Changes to immigration rules or new legislation also greatly affect migrants trying to regularize their status, and these shifts pose serious challenges for those helping them navigate the system.
“Last fall, for instance, the rules changed around permanent residency for temporary work permit holders,” says Camille Bonenfant. “We’ve had more calls at the clinic. People saying, ‘I had a work permit. I lost it. What now? How can I stay here?’”
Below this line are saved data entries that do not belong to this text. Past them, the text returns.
(* Let $R,C>0$, $\kappa\ge1>\overline\lambda>\underline\lambda>0$ and $\alpha\in(0,1)$. Then there exist $\xi_0>0$ and $\overline\kappa>1$ such that every infinite sequence $\{h_j\}_{j=1}^\infty$ satisfying, for all $j$: (H0) $h_j:B_R\to h_j(B_R)$ is a $\mathcal{C}^{1+\alpha}$ diffeomorphism with $h_j(0)=0$; (H1) $\|h_j\|_{\mathcal{C}^{1+\alpha}}<C$; (H2) $\underline\lambda<m(D_yh_j)\le\|D_yh_j\|<\overline\lambda$ for all $y\in B_R$; (H3) $D_0h^j$ is $\kappa$-conformal — is $\overline\kappa$-conformal at every point of $B_{\xi_0}$, i.e. $D_xh^n$ is $\overline\kappa$-conformal for all $x\in B_{\xi_0}$ and all $n\in\mathbb{N}$.
   Context: $B_r$ is the open Euclidean ball about $0$ in $\mathbb{R}^d$; $h^n=h_n\circ\cdots\circ h_1$; $m(D)=\inf_{|v|=1}|Dv|$; $D$ is $\kappa$-conformal if $\|D\|\,\|D^{-1}\|\le\kappa$; $\|h\|_{\mathcal{C}^{1+\alpha}}=\|h\|_{\mathcal{C}^1}+\sup\{\|D_xh-D_yh\|/|x-y|^\alpha:0<|x-y|<1\}$. *)

theory Defs
  imports "HOL-Analysis.Analysis"
begin

definition Dh :: "('a::euclidean_space \<Rightarrow> 'a) \<Rightarrow> 'a \<Rightarrow> 'a \<Rightarrow>\<^sub>L 'a" where
  "Dh f x = Blinfun (frechet_derivative f (at x))"

definition mconorm :: "('a::euclidean_space \<Rightarrow>\<^sub>L 'a) \<Rightarrow> real" where
  "mconorm L = Inf {norm (blinfun_apply L v) | v. norm v = 1}"

definition conformal :: "real \<Rightarrow> ('a::euclidean_space \<Rightarrow>\<^sub>L 'a) \<Rightarrow> bool" where
  "conformal \<kappa> L \<longleftrightarrow> (\<exists>Li. L o\<^sub>L Li = id_blinfun \<and> Li o\<^sub>L L = id_blinfun \<and> norm L * norm Li \<le> \<kappa>)"

text \<open>h^n = h_n o ... o h_1 (sequence indexed from 1; h^0 = id).\<close>
fun hcomp :: "(nat \<Rightarrow> 'a \<Rightarrow> 'a) \<Rightarrow> nat \<Rightarrow> 'a \<Rightarrow> 'a" where
  "hcomp h 0 = id"
| "hcomp h (Suc n) = h (Suc n) \<circ> hcomp h n"

text \<open>C^{1+alpha} norm on B_R: sup|h| + sup||Dh|| + alpha-Hoelder seminorm of Dh
  (over pairs at distance in (0,1)); extended-real valued so unboundedness gives infinity.\<close>
definition C1a_norm :: "real \<Rightarrow> real \<Rightarrow> ('a::euclidean_space \<Rightarrow> 'a) \<Rightarrow> ereal" where
  "C1a_norm R \<alpha> f =
     (SUP x\<in>ball 0 R. ereal (norm (f x)))
   + (SUP x\<in>ball 0 R. ereal (norm (Dh f x)))
   + (SUP p\<in>{(x,y). x \<in> ball 0 R \<and> y \<in> ball 0 R \<and> 0 < dist x y \<and> dist x y < 1}.
        ereal (norm (Dh f (fst p) - Dh f (snd p)) / (dist (fst p) (snd p)) powr \<alpha>))"

definition C1a_on :: "real \<Rightarrow> 'a set \<Rightarrow> ('a::euclidean_space \<Rightarrow> 'a) \<Rightarrow> bool" where
  "C1a_on \<alpha> U f \<longleftrightarrow>
     (\<forall>x\<in>U. f differentiable (at x)) \<and> continuous_on U (Dh f) \<and>
     (\<exists>K. \<forall>x\<in>U. \<forall>y\<in>U. 0 < dist x y \<and> dist x y < 1 \<longrightarrow>
           norm (Dh f x - Dh f y) \<le> K * dist x y powr \<alpha>)"

definition C1a_diffeo :: "real \<Rightarrow> real \<Rightarrow> ('a::euclidean_space \<Rightarrow> 'a) \<Rightarrow> bool" where
  "C1a_diffeo R \<alpha> f \<longleftrightarrow>
     C1a_on \<alpha> (ball 0 R) f \<and> inj_on f (ball 0 R) \<and> open (f ` ball 0 R) \<and>
     (\<exists>g. (\<forall>x\<in>ball 0 R. g (f x) = x) \<and> C1a_on \<alpha> (f ` ball 0 R) g)"

end

theory Submission
  imports Defs
begin

(* Write D_x h^n = D_0 h^n o W_n.  By the chain rule W_(k+1) = (I + G_k) W_k with
   G_k = (D_0 h^(k+1))^-1 (D_(h^k x) h_(k+1) - D_0 h_(k+1)) D_0 h^k.  The lower bound m(D_0 h_(k+1)) > lam_lo
   and the kappa-conformality of D_0 h^(k+1) give |G_k| <= kappa/lam_lo |D_(h^k x) h_(k+1) - D_0 h_(k+1)|, and
   by Hoelder continuity of the derivatives and the contraction |h^k x| <= lam_up^k |x| this is bounded by
   a geometric series C kappa/lam_lo (lam_up^alpha)^k |x|^alpha.  For small |x| the total is at most 1/4, so
   W_n stays within 1/2 of the identity, is 3-conformal, and D_x h^n is (3 kappa)-conformal. *)

lemma Dh_apply: "f differentiable at x \<Longrightarrow> blinfun_apply (Dh f x) = frechet_derivative f (at x)"
  unfolding Dh_def
  by (rule bounded_linear_Blinfun_apply) (meson frechet_derivative_works has_derivative_bounded_linear)

lemma Dh_compose:
  assumes "g differentiable at x" "f differentiable at (g x)"
  shows "Dh (f \<circ> g) x = Dh f (g x) o\<^sub>L Dh g x"
proof -
  have "(f \<circ> g) differentiable at x" using assms differentiable_chain_at by blast
  then show ?thesis
    by (intro blinfun_eqI) (simp add: Dh_apply assms frechet_derivative_compose)
qed

lemma Dh_id: "Dh id x = id_blinfun"
proof -
  have "id differentiable at x" unfolding id_def by simp
  then show ?thesis by (intro blinfun_eqI) (simp add: Dh_apply)
qed

lemma mconorm_mult_norm_le: "mconorm L * norm v \<le> norm (blinfun_apply L v)"
proof (cases "v = 0")
  case True then show ?thesis by simp
next
  case False
  let ?u = "v /\<^sub>R norm v"
  have "mconorm L \<le> norm (blinfun_apply L ?u)"
    unfolding mconorm_def
    by (rule cInf_lower) (use False in \<open>auto intro!: bdd_belowI[where m=0]\<close>)
  also have "\<dots> = norm (blinfun_apply L v) / norm v"
    using False by (simp add: blinfun.scaleR_right divide_inverse_commute)
  finally show ?thesis using False by (simp add: field_simps)
qed

lemma conformalI_bounds:
  fixes L :: "'a::euclidean_space \<Rightarrow>\<^sub>L 'a"
  assumes lower: "\<And>v. c * norm v \<le> norm (blinfun_apply L v)" and "c > 0" and upper: "norm L \<le> \<kappa> * c"
  shows "conformal \<kappa> L"
proof -
  have lin: "linear (blinfun_apply L)" by (simp add: blinfun.bounded_linear_right bounded_linear.linear)
  have "inj (blinfun_apply L)"
  proof (rule linear_injective_0[OF lin, THEN iffD2], intro allI impI)
    fix v assume "blinfun_apply L v = 0"
    with lower[of v] \<open>c > 0\<close> show "v = 0" by (simp add: mult_le_0_iff)
  qed
  then obtain g where g: "linear g" "g \<circ> blinfun_apply L = id" and "surj (blinfun_apply L)"
    using linear_injective_left_inverse[OF lin] linear_injective_imp_surjective[OF lin] by blast
  then have gL: "g (blinfun_apply L v) = v" and Lg: "blinfun_apply L (g y) = y" for v y
    by (metis comp_apply id_apply, metis comp_apply id_apply surjD)
  define Li where "Li = Blinfun g"
  have Li: "blinfun_apply Li = g"
    unfolding Li_def using g(1) bounded_linear_Blinfun_apply linear_conv_bounded_linear by blast
  have "norm Li \<le> 1 / c"
  proof (rule norm_blinfun_bound)
    fix y
    have "c * norm (g y) \<le> norm y" using lower[of "g y"] Lg by simp
    then show "norm (blinfun_apply Li y) \<le> 1 / c * norm y" using \<open>c > 0\<close> by (simp add: Li field_simps)
  qed (use \<open>c > 0\<close> in simp)
  then have "norm L * norm Li \<le> (\<kappa> * c) * (1 / c)"
    by (intro mult_mono upper) (use order_trans[OF norm_ge_zero upper] in auto)
  moreover have "L o\<^sub>L Li = id_blinfun" "Li o\<^sub>L L = id_blinfun"
    by (auto intro!: blinfun_eqI simp: Li Lg gL)
  ultimately show ?thesis unfolding conformal_def using \<open>c > 0\<close> by auto
qed

lemma conformal_id: "1 \<le> \<kappa> \<Longrightarrow> conformal \<kappa> (id_blinfun :: 'a::euclidean_space \<Rightarrow>\<^sub>L 'a)"
  by (rule conformalI_bounds[where c = 1]) auto

lemma conformal_compose:
  assumes "conformal a L" "conformal b M"
  shows "conformal (a * b) (L o\<^sub>L M)"
proof -
  obtain Li Mi where L: "L o\<^sub>L Li = id_blinfun" "Li o\<^sub>L L = id_blinfun" "norm L * norm Li \<le> a"
    and M: "M o\<^sub>L Mi = id_blinfun" "Mi o\<^sub>L M = id_blinfun" "norm M * norm Mi \<le> b"
    using assms unfolding conformal_def by blast
  have "blinfun_apply L (blinfun_apply Li y) = y" "blinfun_apply Li (blinfun_apply L y) = y"
    "blinfun_apply M (blinfun_apply Mi y) = y" "blinfun_apply Mi (blinfun_apply M y) = y" for y
    using L M by (metis blinfun_apply_blinfun_compose blinfun_apply_id_blinfun)+
  then have "(L o\<^sub>L M) o\<^sub>L (Mi o\<^sub>L Li) = id_blinfun" "(Mi o\<^sub>L Li) o\<^sub>L (L o\<^sub>L M) = id_blinfun"
    by (auto intro!: blinfun_eqI)
  moreover have "norm (L o\<^sub>L M) * norm (Mi o\<^sub>L Li) \<le> (norm L * norm M) * (norm Mi * norm Li)"
    by (intro mult_mono norm_blinfun_compose) auto
  moreover have "\<dots> \<le> a * b"
    using mult_mono[OF L(3) M(3)] order_trans[OF _ L(3)] by (simp add: mult_ac)
  ultimately show ?thesis unfolding conformal_def by (meson order_trans)
qed

lemma conformal_near_id:
  fixes W :: "'a::euclidean_space \<Rightarrow>\<^sub>L 'a"
  assumes near: "\<And>u. norm (blinfun_apply W u - u) \<le> norm u / 2"
  shows "conformal 3 W"
proof (rule conformalI_bounds[where c = "1/2"])
  fix v
  show "1/2 * norm v \<le> norm (blinfun_apply W v)"
    using near[of v] norm_triangle_ineq3[of v "blinfun_apply W v"] by (simp add: norm_minus_commute)
next
  show "norm W \<le> 3 * (1/2)"
  proof (rule norm_blinfun_bound)
    fix u
    show "norm (blinfun_apply W u) \<le> 3 * (1/2) * norm u"
      using near[of u] norm_triangle_ineq2[of "blinfun_apply W u" u] by simp
  qed simp
qed simp

lemma norm_diff_perturbed_orbit:
  fixes w :: "nat \<Rightarrow> 'a::real_normed_vector"
  assumes step: "\<And>k. k < n \<Longrightarrow> norm (w (Suc k) - w k) \<le> g k * norm (w k)"
    and g: "\<And>k. k < n \<Longrightarrow> 0 \<le> g k" and small: "(\<Sum>k<n. g k) \<le> 1/2"
  shows "norm (w n - w 0) \<le> 2 * (\<Sum>k<n. g k) * norm (w 0)"
proof -
  have "norm (w k - w 0) \<le> 2 * (\<Sum>j<k. g j) * norm (w 0)" if "k \<le> n" for k
    using that
  proof (induction k)
    case (Suc k)
    have "(\<Sum>j<k. g j) \<le> (\<Sum>j<n. g j)"
      using Suc.prems g by (intro sum_mono2) auto
    then have "2 * (\<Sum>j<k. g j) * norm (w 0) \<le> norm (w 0)"
      using small mult_right_mono[of "2 * (\<Sum>j<k. g j)" 1 "norm (w 0)"] by simp
    then have "norm (w k) \<le> 2 * norm (w 0)"
      using Suc norm_triangle_ineq2[of "w k" "w 0"] by simp
    then have "norm (w (Suc k) - w k) \<le> g k * (2 * norm (w 0))"
      using Suc.prems step[of k] g[of k] by (meson Suc_le_lessD mult_left_mono order_trans)
    then show ?case
      using Suc norm_triangle_ineq[of "w (Suc k) - w k" "w k - w 0"] by (simp add: algebra_simps)
  qed simp
  then show ?thesis by simp
qed

lemma mult_norm_le_norm_compose:
  assumes "\<And>v. lam * norm v \<le> norm (blinfun_apply A v)" and "0 < lam"
  shows "lam * norm M \<le> norm (A o\<^sub>L M)"
proof -
  have "norm M \<le> norm (A o\<^sub>L M) / lam"
  proof (rule norm_blinfun_bound)
    fix v
    have "lam * norm (blinfun_apply M v) \<le> norm (A o\<^sub>L M) * norm v"
      using assms(1)[of "blinfun_apply M v"] norm_blinfun[of "A o\<^sub>L M" v] by simp
    then show "norm (blinfun_apply M v) \<le> norm (A o\<^sub>L M) / lam * norm v"
      using \<open>0 < lam\<close> by (simp add: field_simps)
  qed (use \<open>0 < lam\<close> in simp)
  then show ?thesis using \<open>0 < lam\<close> by (simp add: field_simps)
qed

lemma norm_conjugate_le:
  assumes "\<And>v. lam * norm v \<le> norm (blinfun_apply A v)" and "0 < lam"
    and "norm (A o\<^sub>L Q) * norm Qi \<le> \<kappa>"
  shows "norm (Qi o\<^sub>L D o\<^sub>L Q) \<le> \<kappa> / lam * norm D"
proof -
  have "lam * (norm Qi * norm Q) \<le> \<kappa>"
    using mult_right_mono[OF mult_norm_le_norm_compose[OF assms(1,2)], of "norm Qi" Q] assms(3)
    by (simp add: mult_ac)
  then have "norm Qi * norm Q \<le> \<kappa> / lam" using \<open>0 < lam\<close> by (simp add: field_simps)
  then have "norm Qi * norm D * norm Q \<le> \<kappa> / lam * norm D"
    by (metis mult.commute mult.left_commute mult_right_mono norm_ge_zero)
  moreover have "norm (Qi o\<^sub>L D o\<^sub>L Q) \<le> norm Qi * norm D * norm Q"
    by (meson norm_blinfun_compose mult_right_mono norm_ge_zero order_trans)
  ultimately show ?thesis by linarith
qed

lemma conformal_perturbed_product:
  fixes A B P Q :: "nat \<Rightarrow> 'a::euclidean_space \<Rightarrow>\<^sub>L 'a"
  assumes Q0: "Q 0 = id_blinfun" and Q_Suc: "\<And>k. Q (Suc k) = A (Suc k) o\<^sub>L Q k"
    and P0: "P 0 = id_blinfun" and P_Suc: "\<And>k. P (Suc k) = B (Suc k) o\<^sub>L P k"
    and Q_conformal: "\<And>k. conformal \<kappa> (Q k)"
    and A_lower: "\<And>k v. lam * norm v \<le> norm (blinfun_apply (A (Suc k)) v)" and "0 < lam"
    and small: "\<kappa> * (\<Sum>k<n. norm (B (Suc k) - A (Suc k))) \<le> lam / 4"
  shows "conformal (\<kappa> * 3) (P n)"
proof -
  obtain Qi where Qi: "\<And>k. Q k o\<^sub>L Qi k = id_blinfun" "\<And>k. Qi k o\<^sub>L Q k = id_blinfun"
    "\<And>k. norm (Q k) * norm (Qi k) \<le> \<kappa>"
    using Q_conformal unfolding conformal_def by metis
  have Q_Qi: "blinfun_apply (Q k) (blinfun_apply (Qi k) y) = y"
    and Qi_Q: "blinfun_apply (Qi k) (blinfun_apply (Q k) y) = y" for k y
    using Qi by (metis blinfun_apply_blinfun_compose blinfun_apply_id_blinfun)+
  define W where "W k = Qi k o\<^sub>L P k" for k
  define G where "G k = Qi (Suc k) o\<^sub>L (B (Suc k) - A (Suc k)) o\<^sub>L Q k" for k
  have P_eq: "P k = Q k o\<^sub>L W k" for k
    by (auto intro!: blinfun_eqI simp: W_def Q_Qi)
  have W0: "blinfun_apply (W 0) u = u" for u
    using Qi_Q[of 0 u] by (simp add: W_def Q0 P0)
  have W_Suc: "blinfun_apply (W (Suc k)) u = blinfun_apply (W k) u + blinfun_apply (G k) (blinfun_apply (W k) u)"
    for k u
  proof -
    let ?w = "blinfun_apply (W k) u"
    have "blinfun_apply (W (Suc k)) u
        = blinfun_apply (Qi (Suc k)) (blinfun_apply (B (Suc k)) (blinfun_apply (Q k) ?w))"
      by (simp add: W_def P_Suc Q_Qi)
    also have "\<dots> = blinfun_apply (Qi (Suc k)) (blinfun_apply (A (Suc k)) (blinfun_apply (Q k) ?w))
        + blinfun_apply (G k) ?w"
      by (simp add: G_def blinfun.diff_left blinfun.diff_right)
    also have "blinfun_apply (Qi (Suc k)) (blinfun_apply (A (Suc k)) (blinfun_apply (Q k) ?w)) = ?w"
      using Qi_Q[of "Suc k" ?w] by (simp add: Q_Suc)
    finally show ?thesis .
  qed
  have G_bound: "norm (G k) \<le> \<kappa> / lam * norm (B (Suc k) - A (Suc k))" for k
    unfolding G_def using Qi(3)[of "Suc k"]
    by (intro norm_conjugate_le[OF A_lower \<open>0 < lam\<close>]) (simp add: Q_Suc mult.commute)
  have G_sum: "(\<Sum>k<n. norm (G k)) \<le> 1/4"
  proof -
    have "(\<Sum>k<n. norm (G k)) \<le> \<kappa> / lam * (\<Sum>k<n. norm (B (Suc k) - A (Suc k)))"
      unfolding sum_distrib_left by (rule sum_mono[OF G_bound])
    also have "\<dots> \<le> 1/4" using small \<open>0 < lam\<close> by (simp add: field_simps)
    finally show ?thesis .
  qed
  have "norm (blinfun_apply (W n) u - u) \<le> norm u / 2" for u
  proof -
    have "norm (blinfun_apply (W n) u - blinfun_apply (W 0) u) \<le> 2 * (\<Sum>k<n. norm (G k)) * norm (blinfun_apply (W 0) u)"
      by (rule norm_diff_perturbed_orbit) (use G_sum in \<open>auto simp: W_Suc norm_blinfun\<close>)
    then show ?thesis using G_sum W0[of u] mult_right_mono[OF G_sum, of "norm u"] by simp
  qed
  then have "conformal 3 (W n)" by (rule conformal_near_id)
  then show ?thesis unfolding P_eq by (rule conformal_compose[OF Q_conformal])
qed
According to the researchers, the problem is a lack of political will. And this is despite a significant increase in temporary migration in recent years—particularly in Quebec, which now has around 600,000 non-permanent residents, compared to 420,000 the year before.
“We’re still stuck in this idea that these people are just here temporarily. They’re not here to stay. But the reality on the ground says otherwise. Even the Canadian government itself tells us that the vast majority of people with permanent residency today once had temporary status,” says Nakache.
The federal government had announced a regularization program for undocumented immigrants in 2024, but later scrapped it. According to Bonenfant, “That program would’ve helped thousands of people already living here, working here, with their families here.”
At the same time, the province is planning cuts and a freeze on permanent immigration programs for people already on Quebec soil. “Quebec’s immigration targets are really low. The proposed numbers are 25,000, 35,000, maybe 45,000 people a year,” notes Jannard.
Failing to help those already on the ground, Nakache believes, only creates more precarity and more irregularity. “And for those who do eventually manage to regularize their status, after years of hardship, it breeds frustration and disillusionment.”
A deep frustration Maria has been working through in therapy for the past four years. “If you’d met me six months ago, I wouldn’t have been able to tell you any of this,” she admits. Now, her thoughts are with the next generation of immigrants, and those they’ll meet along the way.
“I want to raise awareness among professionals in institutions and nonprofit organizations, so they understand they’re dealing with people, not just numbers,” she concludes.